The 2020 Honda CR-V Hybrid could go all the way

Honda was named the most fuel-efficient full-line automaker in America by the EPA in 2019, with an overall fleet rating of 30 mpg, and it got there by batting for average.
It doesn’t make any gas guzzlers, but it’s also never had a home run on the hybrid or electric sales charts. Now it has one that could go long ... between fill-ups.
(Note: Tesla only offered three models last year and didn’t qualify as a full-line automaker.)
The 2020 CR-V Hybrid is Honda’s first hybrid utility vehicle and was designed to take on the best-selling Toyota Rav4 Hybrid. Like the Rav4, it’s a low-key green machine. Aside from a couple of hybrid badges, it looks pretty much the same as the conventional models, all of which received a blink-and-you’ll-miss-it makeover for 2020.
The Toyota and Honda both come standard with all-wheel-drive, but their drivetrains are very different. Toyota’s features a hybrid unit with a four-cylinder engine and two electric motors driving the front wheels and a standalone electric motor at the rear axle, with no driveshaft connecting the two ends. The CR-V is essentially an electric car that uses its 2.0-liter four-cylinder primarily as a generator, although it can couple with the electric motor to help drive the wheels at certain speeds above 45 mph.

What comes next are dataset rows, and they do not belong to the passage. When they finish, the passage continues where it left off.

lemma theta_series_dissection:
  fixes Q F :: "'a \<Rightarrow> int"
  assumes "k > 0" and "m dvd k" and "r \<noteq> 0"
    and on_residue: "\<And>n. n mod m = r \<Longrightarrow> card {v. Q v = int n} = card {w. F w = int n}"
    and off_residue: "\<And>n. n mod m \<noteq> r \<Longrightarrow> card {v. int k * F v = int n} = card {w. Q w = int n}"
  shows "theta_series Q = (theta_series F oo fps_X ^ k) + P_op m r (theta_series F)"
proof (rule fps_ext)
  fix n
  show "fps_nth (theta_series Q) n = fps_nth ((theta_series F oo fps_X ^ k) + P_op m r (theta_series F)) n"
  proof (cases "n mod m = r")
    case True
    have "\<not> k dvd n"
    proof
      assume "k dvd n"
      with \<open>m dvd k\<close> have "n mod m = 0"
        by (simp add: dvd_trans)
      with True \<open>r \<noteq> 0\<close> show False
        by simp
    qed
    with True on_residue[OF True] \<open>k > 0\<close> show ?thesis
      by (simp add: theta_series_def P_op_def fps_nth_compose_X_power)
  next
    case False
    with off_residue[OF False] \<open>k > 0\<close> show ?thesis
      using card_level_set_scaled[of "int k" F "int n"]
      by (auto simp: theta_series_def P_op_def fps_nth_compose_X_power zdiv_int)
  qed
qed

lemma qf_mod: "qf A B C (x, y) mod m = qf A B C (x mod m, y mod m) mod m"
proof -
  have "[qf A B C (x, y) = qf A B C (x mod m, y mod m)] (mod m)"
    unfolding qf_apply by (intro cong_add cong_mult cong_pow cong_refl) (simp_all add: cong_def)
  then show ?thesis
    by (simp add: cong_def)
qed

lemma qf_mod3_by_residues:
  assumes "\<And>a b. a \<in> {0, 1, 2} \<Longrightarrow> b \<in> {0, 1, 2} \<Longrightarrow> P (qf A B C (a, b) mod 3) a b"
  shows "P (qf A B C (x, y) mod 3) (x mod 3) (y mod 3)"
proof -
  have "x mod 3 \<in> {0, 1, 2}" "y mod 3 \<in> {0, 1, 2}"
    by auto
  then have "P (qf A B C (x mod 3, y mod 3) mod 3) (x mod 3) (y mod 3)"
    by (rule assms)
  then show ?thesis
    by (simp only: qf_mod[of A B C x y 3])
qed

lemma qf_1_1_6_mod3_eq_1:
  assumes "qf 1 1 6 (x, y) mod 3 = 1"
  shows "3 dvd y"
proof -
  have "qf 1 1 6 (x, y) mod 3 = 1 \<longrightarrow> y mod 3 = 0"
    by (rule qf_mod3_by_residues[where P="\<lambda>q a b. q = 1 \<longrightarrow> b = 0"]) auto
  with assms show ?thesis
    by (simp add: dvd_eq_mod_eq_0)
qed

lemma qf_1_1_6_mod3_eq_2:
  assumes "qf 1 1 6 (x, y) mod 3 = 2"
  shows "3 dvd (x - y)"
proof -
  have "qf 1 1 6 (x, y) mod 3 = 2 \<longrightarrow> x mod 3 = y mod 3"
    by (rule qf_mod3_by_residues[where P="\<lambda>q a b. q = 2 \<longrightarrow> a = b"]) auto
  with assms show ?thesis
    by (simp add: mod_eq_dvd_iff)
qed

lemma qf_2_1_3_mod3_eq_1:
  assumes "qf 2 1 3 (x, y) mod 3 = 1"
  shows "3 dvd (x + y)"
proof -
  have "qf 2 1 3 (x, y) mod 3 = 1 \<longrightarrow> (x mod 3 + y mod 3) mod 3 = 0"
    by (rule qf_mod3_by_residues[where P="\<lambda>q a b. q = 1 \<longrightarrow> (a + b) mod 3 = 0"]) auto
  with assms show ?thesis
    by (simp add: dvd_eq_mod_eq_0 mod_add_eq)
qed
lemma self_in_lquots: "L \<in> lquots L"
  using lquot_in_lquots[of "[]" L] by simp

lemma lquots_lquot_closed: "p \<in> lquots L \<Longrightarrow> lquot u p \<in> lquots L"
  by (auto simp: lquots_def lquot_append[symmetric])

lemma finite_lquots_finite:
  assumes "finite L"
  shows "finite (lquots L)"
proof (rule finite_subset)
  show "lquots L \<subseteq> Pow (\<Union>w\<in>L. set (suffixes w))"
    by (auto simp: lquots_def lquot_def) (blast intro: suffixI)
  show "finite (Pow (\<Union>w\<in>L. set (suffixes w)))"
    using assms by simp
qed

lemma finite_lquots_Un:
  assumes "finite (lquots A)" "finite (lquots B)"
  shows "finite (lquots (A \<union> B))"
proof (rule finite_subset)
  show "lquots (A \<union> B) \<subseteq> (\<lambda>(X, Y). X \<union> Y) ` (lquots A \<times> lquots B)"
  proof
    fix Y assume "Y \<in> lquots (A \<union> B)"
    then obtain u where "Y = lquot u (A \<union> B)" by (auto simp: lquots_def)
    then have "Y = (\<lambda>(X, Y). X \<union> Y) (lquot u A, lquot u B)" by (auto simp: lquot_def)
    then show "Y \<in> (\<lambda>(X, Y). X \<union> Y) ` (lquots A \<times> lquots B)"
      using lquot_in_lquots by blast
  qed
  show "finite ((\<lambda>(X, Y). X \<union> Y) ` (lquots A \<times> lquots B))"
    using assms by simp
qed

lemma lquot_conc:
  "lquot u (conc A B) = conc (lquot u A) B \<union> \<Union> {lquot w B | v w. u = v @ w \<and> v \<in> A}"
proof (rule set_eqI)
  fix x
  show "x \<in> lquot u (conc A B) \<longleftrightarrow>
    x \<in> conc (lquot u A) B \<union> \<Union> {lquot w B | v w. u = v @ w \<and> v \<in> A}"
  proof
    assume "x \<in> lquot u (conc A B)"
    then obtain a b where ab: "u @ x = a @ b" "a \<in> A" "b \<in> B"
      by (auto simp: lquot_def conc_def)
    then obtain us where "u = a @ us \<and> us @ x = b \<or> u @ us = a \<and> x = us @ b"
      by (auto simp: append_eq_append_conv2)
    then show "x \<in> conc (lquot u A) B \<union> \<Union> {lquot w B | v w. u = v @ w \<and> v \<in> A}"
    proof
      assume "u = a @ us \<and> us @ x = b"
      with ab have "u = a @ us" "x \<in> lquot us B" by (auto simp: lquot_def)
      with ab(2) show ?thesis by blast
    next
      assume "u @ us = a \<and> x = us @ b"
      with ab show ?thesis by (auto simp: lquot_def conc_def)
    qed
  next
    assume "x \<in> conc (lquot u A) B \<union> \<Union> {lquot w B | v w. u = v @ w \<and> v \<in> A}"
    then show "x \<in> lquot u (conc A B)"
      by (auto simp: lquot_def conc_def) (metis append.assoc, metis)
  qed
qed

lemma finite_lquots_conc:
  assumes "finite (lquots A)" "finite (lquots B)"
  shows "finite (lquots (conc A B))"
proof (rule finite_subset)
  let ?f = "\<lambda>(X, S). conc X B \<union> \<Union> S"
  show "lquots (conc A B) \<subseteq> ?f ` (lquots A \<times> Pow (lquots B))"
  proof
    fix Y assume "Y \<in> lquots (conc A B)"
    then obtain u where "Y = lquot u (conc A B)" by (auto simp: lquots_def)
    then have "Y = ?f (lquot u A, {lquot w B | v w. u = v @ w \<and> v \<in> A})"
      by (simp add: lquot_conc)
    moreover have "(lquot u A, {lquot w B | v w. u = v @ w \<and> v \<in> A}) \<in> lquots A \<times> Pow (lquots B)"
      by (auto simp: lquots_def)
    ultimately show "Y \<in> ?f ` (lquots A \<times> Pow (lquots B))"
      by blast
  qed
  show "finite (?f ` (lquots A \<times> Pow (lquots B)))"
    using assms by simp
qed

lemma star_append: "u \<in> star A \<Longrightarrow> v \<in> star A \<Longrightarrow> u @ v \<in> star A"
  by (induction rule: star.induct) (auto intro: star.star_app)

lemma star_split_append:
  assumes "u @ x \<in> star A"
  shows "(x = [] \<and> u \<in> star A) \<or> (\<exists>v w. u = v @ w \<and> v \<in> star A \<and> x \<in> conc (lquot w A) (star A))"
  using assms
proof (induction "u @ x" arbitrary: u rule: star.induct)
  case star_Nil
  then show ?case by (auto intro: star.intros)
next
  case (star_app a s)
  from star_app.hyps(4) obtain us where "(a = u @ us \<and> us @ s = x) \<or> (a @ us = u \<and> s = us @ x)"
    by (auto simp: append_eq_append_conv2)
  then show ?case
  proof
    assume "a = u @ us \<and> us @ s = x"
    then have "x \<in> conc (lquot u A) (star A)"
      using star_app.hyps by (auto simp: conc_def lquot_def)
    then show ?case by (auto intro: star.intros)
  next
    assume split: "a @ us = u \<and> s = us @ x"
    with star_app.hyps(3)
    have "(x = [] \<and> us \<in> star A) \<or> (\<exists>v w. us = v @ w \<and> v \<in> star A \<and> x \<in> conc (lquot w A) (star A))"
      by blast
    then show ?case
    proof
      assume "x = [] \<and> us \<in> star A"
      with split star_app.hyps(1) show ?case by (auto intro: star.intros)
    next
      assume "\<exists>v w. us = v @ w \<and> v \<in> star A \<and> x \<in> conc (lquot w A) (star A)"
      then obtain v w where "us = v @ w" "v \<in> star A" "x \<in> conc (lquot w A) (star A)"
        by blast
      with split star_app.hyps(1) show ?case
        by (intro disjI2 exI[of _ "a @ v"] exI[of _ w]) (auto intro: star.intros)
    qed
  qed
qed

lemma lquot_star:
  "lquot u (star A) = (if u \<in> star A then {[]} else {}) \<union>
     \<Union> ((\<lambda>X. conc X (star A)) ` {lquot w A | v w. u = v @ w \<and> v \<in> star A})"
  (is "_ = ?R")
proof (rule set_eqI)
  fix x
  show "x \<in> lquot u (star A) \<longleftrightarrow> x \<in> ?R"
  proof
    assume "x \<in> lquot u (star A)"
    then show "x \<in> ?R"
      using star_split_append[of u x A] by (auto simp: lquot_def)
  next
    assume "x \<in> ?R"
    then consider "u \<in> star A" "x = []"
      | v w a s where "u = v @ w" "v \<in> star A" "w @ a \<in> A" "s \<in> star A" "x = a @ s"
      by (auto simp: conc_def lquot_def split: if_splits)
    then show "x \<in> lquot u (star A)"
    proof cases
      case 2
      then have "v @ ((w @ a) @ s) \<in> star A" by (meson star.star_app star_append)
      with 2 show ?thesis by (simp add: lquot_def)
    qed (simp add: lquot_def)
  qed
qed

lemma finite_lquots_star:
  assumes "finite (lquots A)"
  shows "finite (lquots (star A))"
proof (rule finite_subset)
  let ?f = "\<lambda>(b, S). (if b then {[]} else {}) \<union> \<Union> ((\<lambda>X. conc X (star A)) ` S)"
  show "lquots (star A) \<subseteq> ?f ` (UNIV \<times> Pow (lquots A))"
  proof
    fix Y assume "Y \<in> lquots (star A)"
    then obtain u where "Y = lquot u (star A)" by (auto simp: lquots_def)
    then have "Y = ?f (u \<in> star A, {lquot w A | v w. u = v @ w \<and> v \<in> star A})"
      by (simp add: lquot_star)
    moreover have "(u \<in> star A, {lquot w A | v w. u = v @ w \<and> v \<in> star A}) \<in> UNIV \<times> Pow (lquots A)"
      by (auto simp: lquots_def)
    ultimately show "Y \<in> ?f ` (UNIV \<times> Pow (lquots A))"
      by blast
  qed
  show "finite (?f ` (UNIV \<times> Pow (lquots A)))"
    using assms by simp
qed

lemma finite_lquots_rlang: "finite (lquots (rlang r))"
  by (induction r)
    (simp_all add: finite_lquots_finite finite_lquots_Un finite_lquots_conc finite_lquots_star)


section \<open>The triple construction\<close>

type_synonym 'a finalizing_symbol = "'a + ('a list set \<times> 'a \<times> 'a list set) option"

abbreviation start_symbol :: "'a finalizing_symbol" where
  "start_symbol \<equiv> Inr None"

abbreviation triple :: "'a list set \<Rightarrow> 'a \<Rightarrow> 'a list set \<Rightarrow> 'a finalizing_symbol" where
  "triple p X q \<equiv> Inr (Some (p, X, q))"

locale regular_finalization =
  fixes G :: "'a grammar" and W :: "'a set" and F :: "'a list set"
  assumes cfg: "cfg G" and finite_lquots_F: "finite (lquots F)"
begin

definition next_state :: "'a list set \<Rightarrow> 'a \<Rightarrow> 'a list set" where
  "next_state p X = (if X \<in> W then lquot [X] p else p)"

definition emit :: "'a \<Rightarrow> 'a finalizing_symbol list" where
  "emit X = (if X \<in> Ts G then [Inl X] else [])"

text \<open>\<open>encodes p u q t\<close>: \<open>t\<close> arises from the sentential form \<open>u\<close> of \<open>G\<close> by replacing each
  symbol \<open>X\<close> either by a triple \<open>(p\<^sub>i, X, p\<^sub>i\<^sub>+\<^sub>1)\<close>, or, if \<open>X\<close> may survive in a finalized
  form (\<open>X \<in> T \<union> W\<close>), by its terminal image, where the quotient of \<open>F\<close> is advanced along
  the \<open>W\<close>-projection; the states run from \<open>p\<^sub>0 = p\<close> to \<open>q\<close>.\<close>
fun encodes :: "'a list set \<Rightarrow> 'a list \<Rightarrow> 'a list set \<Rightarrow> 'a finalizing_symbol list \<Rightarrow> bool" where
  "encodes p [] q t \<longleftrightarrow> p = q \<and> t = []"
| "encodes p (X # xs) q t \<longleftrightarrow> (\<exists>r t'. r \<in> lquots F \<and> encodes r xs q t' \<and>
     (t = triple p X r # t' \<or> X \<in> Ts G \<union> W \<and> r = next_state p X \<and> t = emit X @ t'))"

definition finalizing_grammar :: "'a finalizing_symbol grammar" where
  "finalizing_grammar =
    \<lparr>Vs = Inl ` Ts G \<union> Inr ` ({None} \<union> Some ` (lquots F \<times> Vs G \<times> lquots F)),
     Ts = Inl ` Ts G,
     Ps = {(start_symbol, t) | t q. q \<in> lquots F \<and> [] \<in> q \<and> encodes F [St G] q t}
       \<union> {(triple p A q, t) | p A \<alpha> q t.
            (A, \<alpha>) \<in> Ps G \<and> p \<in> lquots F \<and> q \<in> lquots F \<and> encodes p \<alpha> q t},
     St = start_symbol\<rparr>"

lemma encodes_append:
  "encodes p (u @ v) q t \<longleftrightarrow> (\<exists>r t1 t2. t = t1 @ t2 \<and> encodes p u r t1 \<and> encodes r v q t2)"
proof (induction u arbitrary: p t)
  case (Cons X xs)
  show ?case
  proof
    assume "encodes p ((X # xs) @ v) q t"
    then obtain r t' where r: "r \<in> lquots F" "encodes r (xs @ v) q t'"
      "t = triple p X r # t' \<or> X \<in> Ts G \<union> W \<and> r = next_state p X \<and> t = emit X @ t'"
      by auto
    from r(2) Cons.IH obtain r' t1 t2 where
      split: "t' = t1 @ t2" "encodes r xs r' t1" "encodes r' v q t2"
      by blast
    from r(3) obtain h where h: "t = h @ t'" "encodes p (X # xs) r' (h @ t1)"
    proof
      assume "t = triple p X r # t'"
      with r(1) split(2) that[of "[triple p X r]"] show thesis by auto
    next
      assume "X \<in> Ts G \<union> W \<and> r = next_state p X \<and> t = emit X @ t'"
      with r(1) split(2) that[of "emit X"] show thesis by auto
    qed
    have "t = (h @ t1) @ t2" using h(1) split(1) by simp
    with h(2) split(3) show "\<exists>r t1 t2. t = t1 @ t2 \<and> encodes p (X # xs) r t1 \<and> encodes r v q t2"
      by blast
  next
    assume "\<exists>r t1 t2. t = t1 @ t2 \<and> encodes p (X # xs) r t1 \<and> encodes r v q t2"
    then obtain r' t1 t2 where t: "t = t1 @ t2" "encodes p (X # xs) r' t1" "encodes r' v q t2"
      by blast
    from t(2) obtain r t' where r: "r \<in> lquots F" "encodes r xs r' t'"
      "t1 = triple p X r # t' \<or> X \<in> Ts G \<union> W \<and> r = next_state p X \<and> t1 = emit X @ t'"
      by auto
    have "encodes r (xs @ v) q (t' @ t2)" using Cons.IH r(2) t(3) by blast
    with r(1,3) t(1) show "encodes p ((X # xs) @ v) q t"
      unfolding append_Cons encodes.simps(2)
      by (intro exI[of _ r] exI[of _ "t' @ t2"]) auto
  qed
qed auto

lemma encodes_lquots: "encodes p u q t \<Longrightarrow> p \<in> lquots F \<Longrightarrow> q \<in> lquots F"
  by (induction u arbitrary: p t) auto

lemma start_symbol_notin_encodes: "encodes p u q t \<Longrightarrow> start_symbol \<notin> set t"
  by (induction u arbitrary: p t) (auto simp: emit_def)
section \<open>Terms of lowest degree in a product\<close>

lemma lookup_mult_keys:
  "Poly_Mapping.lookup (f * g) c =
    (\<Sum>a\<in>Poly_Mapping.keys f. \<Sum>b\<in>Poly_Mapping.keys g.
        (Poly_Mapping.lookup f a * Poly_Mapping.lookup g b when c = a + b))"
proof -
  have inner: "(\<Sum>q. Poly_Mapping.lookup g q when c = l + q)
      = (\<Sum>b\<in>Poly_Mapping.keys g. Poly_Mapping.lookup g b when c = l + b)" for l
    by (rule Sum_any.expand_superset) (auto simp: in_keys_iff)
  have "Poly_Mapping.lookup (f * g) c
     = (\<Sum>l. Poly_Mapping.lookup f l * (\<Sum>b\<in>Poly_Mapping.keys g. Poly_Mapping.lookup g b when c = l + b))"
    by (simp add: lookup_mult inner)
  also have "\<dots> = (\<Sum>a\<in>Poly_Mapping.keys f.
      Poly_Mapping.lookup f a * (\<Sum>b\<in>Poly_Mapping.keys g. Poly_Mapping.lookup g b when c = a + b))"
    by (rule Sum_any.expand_superset) (auto simp: in_keys_iff)
  finally show ?thesis
    by (simp add: sum_distrib_left mult_when)
qed
lemma fund_wit_mmul_qc_left:
  assumes pres: "pos_hom_pres L Rel"
    and wit: "\<Delta> \<in> Mon L Rel" "fund_wit L Rel \<Delta> \<sigma> D"
    and qc: "\<Delta>' \<in> Mon L Rel" "qc_perm L Rel \<Delta>' \<sigma>'"
  shows "fund_wit L Rel (mmul L Rel \<Delta>' \<Delta>) (\<sigma> \<circ> \<sigma>') (\<lambda>x. mmul L Rel \<Delta>' (D (\<sigma>' x)))"
  unfolding fund_wit_def
proof (intro conjI ballI)
  let ?m = "mmul L Rel" and ?e = "elt L Rel"
  have bij: "bij_betw \<sigma> (Lq L Rel) (Lq L Rel)" "bij_betw \<sigma>' (Lq L Rel) (Lq L Rel)"
    using wit qc unfolding fund_wit_def qc_perm_def by blast+
  then show "bij_betw (\<sigma> \<circ> \<sigma>') (Lq L Rel) (Lq L Rel)" using bij_betw_trans by blast
  fix x assume x: "x \<in> Lq L Rel"
  have \<sigma>'x: "\<sigma>' x \<in> Lq L Rel" "\<sigma> (\<sigma>' x) \<in> Lq L Rel" using bij x by (simp_all add: bij_betw_apply)
  then have D: "D (\<sigma>' x) \<in> Mon L Rel" "\<Delta> = ?m (?e (\<sigma>' x)) (D (\<sigma>' x))"
    "\<Delta> = ?m (D (\<sigma>' x)) (?e (\<sigma> (\<sigma>' x)))"
    using wit unfolding fund_wit_def by auto
  note assoc = mmul_assoc[OF pres] and in_Mon = elt_in_Mon[OF x] elt_in_Mon[OF \<sigma>'x(1)]
    elt_in_Mon[OF \<sigma>'x(2)] D(1) qc(1)
  show "?m \<Delta>' (D (\<sigma>' x)) \<in> Mon L Rel" using mmul_in_Mon[OF pres] D qc by blast
  have "?m (?e x) (?m \<Delta>' (D (\<sigma>' x))) = ?m (?m (?e x) \<Delta>') (D (\<sigma>' x))"
    using assoc in_Mon by simp
  also have "\<dots> = ?m (?m \<Delta>' (?e (\<sigma>' x))) (D (\<sigma>' x))"
    using qc x unfolding qc_perm_def by simp
  also have "\<dots> = ?m \<Delta>' (?m (?e (\<sigma>' x)) (D (\<sigma>' x)))" using assoc in_Mon by simp
  finally show "?m \<Delta>' \<Delta> = ?m (?e x) (?m \<Delta>' (D (\<sigma>' x)))" using D(2) by simp
  have "?m \<Delta>' \<Delta> = ?m \<Delta>' (?m (D (\<sigma>' x)) (?e (\<sigma> (\<sigma>' x))))" using D(3) by simp
  also have "\<dots> = ?m (?m \<Delta>' (D (\<sigma>' x))) (?e ((\<sigma> \<circ> \<sigma>') x))" using assoc in_Mon by simp
  finally show "?m \<Delta>' \<Delta> = ?m (?m \<Delta>' (D (\<sigma>' x))) (?e ((\<sigma> \<circ> \<sigma>') x))" .
qed
lemma inner_matrix_mult_ge: "- spec_norm C * (norm X)\<^sup>2 \<le> inner (C ** X) X"
  for C :: "real^'n^'n" and X :: "real^'r^'n"
proof -
  have "\<bar>inner (C ** X) X\<bar> \<le> norm (C ** X) * norm X"
    by (rule Cauchy_Schwarz_ineq2)
  also have "\<dots> \<le> spec_norm C * norm X * norm X"
    by (intro mult_right_mono norm_matrix_mult_le) simp
  finally show ?thesis
    by (simp add: power2_eq_square)
qed

lemma inner_quadratic_form_expand:
  fixes C :: "real^'n^'n" and P D :: "real^'r^'n"
  assumes "transpose C = C"
  shows "inner C ((P + D) ** transpose (P + D))
    = inner C (P ** transpose P) + 2 * inner (C ** P) D + inner (C ** D) D"
proof -
  have "inner (C ** D) P = inner (C ** P) D"
    using inner_matrix_mult_left[of C D P] assms by (simp add: inner_commute)
  then show ?thesis
    by (simp add: inner_matrix_mult_transpose matrix_add_ldistrib inner_add)
qed

lemma inner_unit_diff:
  fixes p a :: "'a::real_inner"
  assumes "norm p = 1" and "norm a = 1"
  shows "inner p (a - p) = - (norm (a - p))\<^sup>2 / 2"
proof -
  have "inner p p = 1" "inner a a = 1"
    using assms by (simp_all add: power2_norm_eq_inner[symmetric])
  then show ?thesis
    by (simp add: power2_norm_eq_inner inner_diff inner_commute)
qed

lemma inner_row_normal_le:
  fixes P A N :: "real^'r^'n" and lam :: "'n \<Rightarrow> real"
  assumes "P \<in> unit_rows" and "A \<in> unit_rows" and N: "\<And>i. N $ i = lam i *\<^sub>R P $ i"
  shows "inner N (A - P) \<le> (\<Sum>i\<in>UNIV. \<bar>lam i\<bar>) * (norm (A - P))\<^sup>2"
proof -
  have row: "lam i * inner (P $ i) ((A - P) $ i) \<le> \<bar>lam i\<bar> * (norm (A - P))\<^sup>2" for i
  proof -
    have "lam i * inner (P $ i) ((A - P) $ i) = - lam i * (norm ((A - P) $ i))\<^sup>2 / 2"
      using assms(1,2) by (simp add: unit_rows_def inner_unit_diff)
    also have "\<dots> \<le> \<bar>lam i\<bar> * (norm ((A - P) $ i))\<^sup>2"
      using mult_right_mono[of "- lam i / 2" "\<bar>lam i\<bar>" "(norm ((A - P) $ i))\<^sup>2"] by simp
    also have "\<dots> \<le> \<bar>lam i\<bar> * (norm (A - P))\<^sup>2"
      using Finite_Cartesian_Product.norm_nth_le[where x = "A - P" and i = i]
      by (intro mult_left_mono power_mono) simp_all
    finally show ?thesis .
  qed
  have "inner N (A - P) = (\<Sum>i\<in>UNIV. lam i * inner (P $ i) ((A - P) $ i))"
    by (simp add: inner_vec_def N sum_distrib_left mult.assoc)
  also have "\<dots> \<le> (\<Sum>i\<in>UNIV. \<bar>lam i\<bar>) * (norm (A - P))\<^sup>2"
    unfolding sum_distrib_right by (intro sum_mono row)
  finally show ?thesis .
qed

lemma frechet_subdiff_if_quadratic_minorant:
  fixes f :: "'a::real_inner \<Rightarrow> ereal"
  assumes "\<bar>f x\<bar> \<noteq> \<infinity>"
    and minorant: "\<And>y. f x + ereal (inner v (y - x) - K * (norm (y - x))\<^sup>2) \<le> f y"
  shows "v \<in> frechet_subdiff f x"
  unfolding frechet_subdiff_def
proof (intro CollectI conjI allI impI)
  fix \<epsilon> :: real
  assume "\<epsilon> > 0"
  define \<delta> where "\<delta> = \<epsilon> / (\<bar>K\<bar> + 1)"
  have "f x + ereal (inner v (y - x) - \<epsilon> * norm (y - x)) \<le> f y"
    if close: "norm (y - x) < \<delta>" for y
  proof -
    have "K * (norm (y - x))\<^sup>2 \<le> (\<bar>K\<bar> + 1) * norm (y - x) * norm (y - x)"
      using mult_right_mono[of K "\<bar>K\<bar> + 1" "norm (y - x) * norm (y - x)"]
      by (simp add: power2_eq_square mult.assoc)
    also have "\<dots> \<le> (\<bar>K\<bar> + 1) * \<delta> * norm (y - x)"
      using close by (intro mult_right_mono mult_left_mono) simp_all
    also have "\<dots> = \<epsilon> * norm (y - x)"
      by (simp add: \<delta>_def)
    finally have "K * (norm (y - x))\<^sup>2 \<le> \<epsilon> * norm (y - x)" .
    then have "f x + ereal (inner v (y - x) - \<epsilon> * norm (y - x))
        \<le> f x + ereal (inner v (y - x) - K * (norm (y - x))\<^sup>2)"
      by (intro add_left_mono) simp
    also have "\<dots> \<le> f y"
      by (rule minorant)
    finally show ?thesis .
  qed
  moreover have "\<delta> > 0"
    using \<open>\<epsilon> > 0\<close> by (simp add: \<delta>_def add_pos_nonneg)
  ultimately show "\<exists>\<delta>>0. \<forall>y. norm (y - x) < \<delta> \<longrightarrow>
      f x + ereal (inner v (y - x) - \<epsilon> * norm (y - x)) \<le> f y"
    by blast
qed (fact assms)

At 219 hp for the Rav4 and 212 hp for the CR-V, each represents the most powerful models in their lineups. Nevertheless, their EPA combined fuel economy ratings are 40 mpg and 38 mpg, respectively, but it’s pretty much a wash in the real world. I achieved 39-40 mpg with both of them in normal use.
The Rav4 Hybrid’s mix of practicality, efficiency and performance led me to proclaim it as the best newly-introduced vehicle I drove last year, and the CR-V Hybrid has quickly become a front-runner for the 2020 title. The cabin feels roomier than the Rav4's and adds a layer of sheen that gives it a more premium feel.
Four trim levels are available ranging from $28,870 for an EX to $37,070 for top of the line Touring. Along with a small price premium, the only real trade-off compared to the conventional CR-V is that the battery pack’s location under the cargo bay floor means there’s no spare tire or extra storage there.
Honda’s been using this drivetrain configuration in its hybrids for a while, but this application is by far the best. The power is immediate and, most of the time, the four-cylinder barely makes a sound when it is in use. Only when you floor the accelerator does it rev hard and stay there the way a powerboat engine does as the vehicle picks up speed, but even then it’s not unpleasant. When it’s operating in electric mode under 17 mph, the vehicle emits a hum to warn pedestrians that sounds very sci-fi, even from the driver’s seat. And that’s not a bad place to be.
Weighing just 200 pounds more than the gas-only CR-V, it retains all of the excellent driving dynamics the model is known for: its engaging handling coupled with a magic carpet ride. Switching from Eco to Normal to Sport mode makes significant changes to its responsiveness, with the last of those adding a significant kick.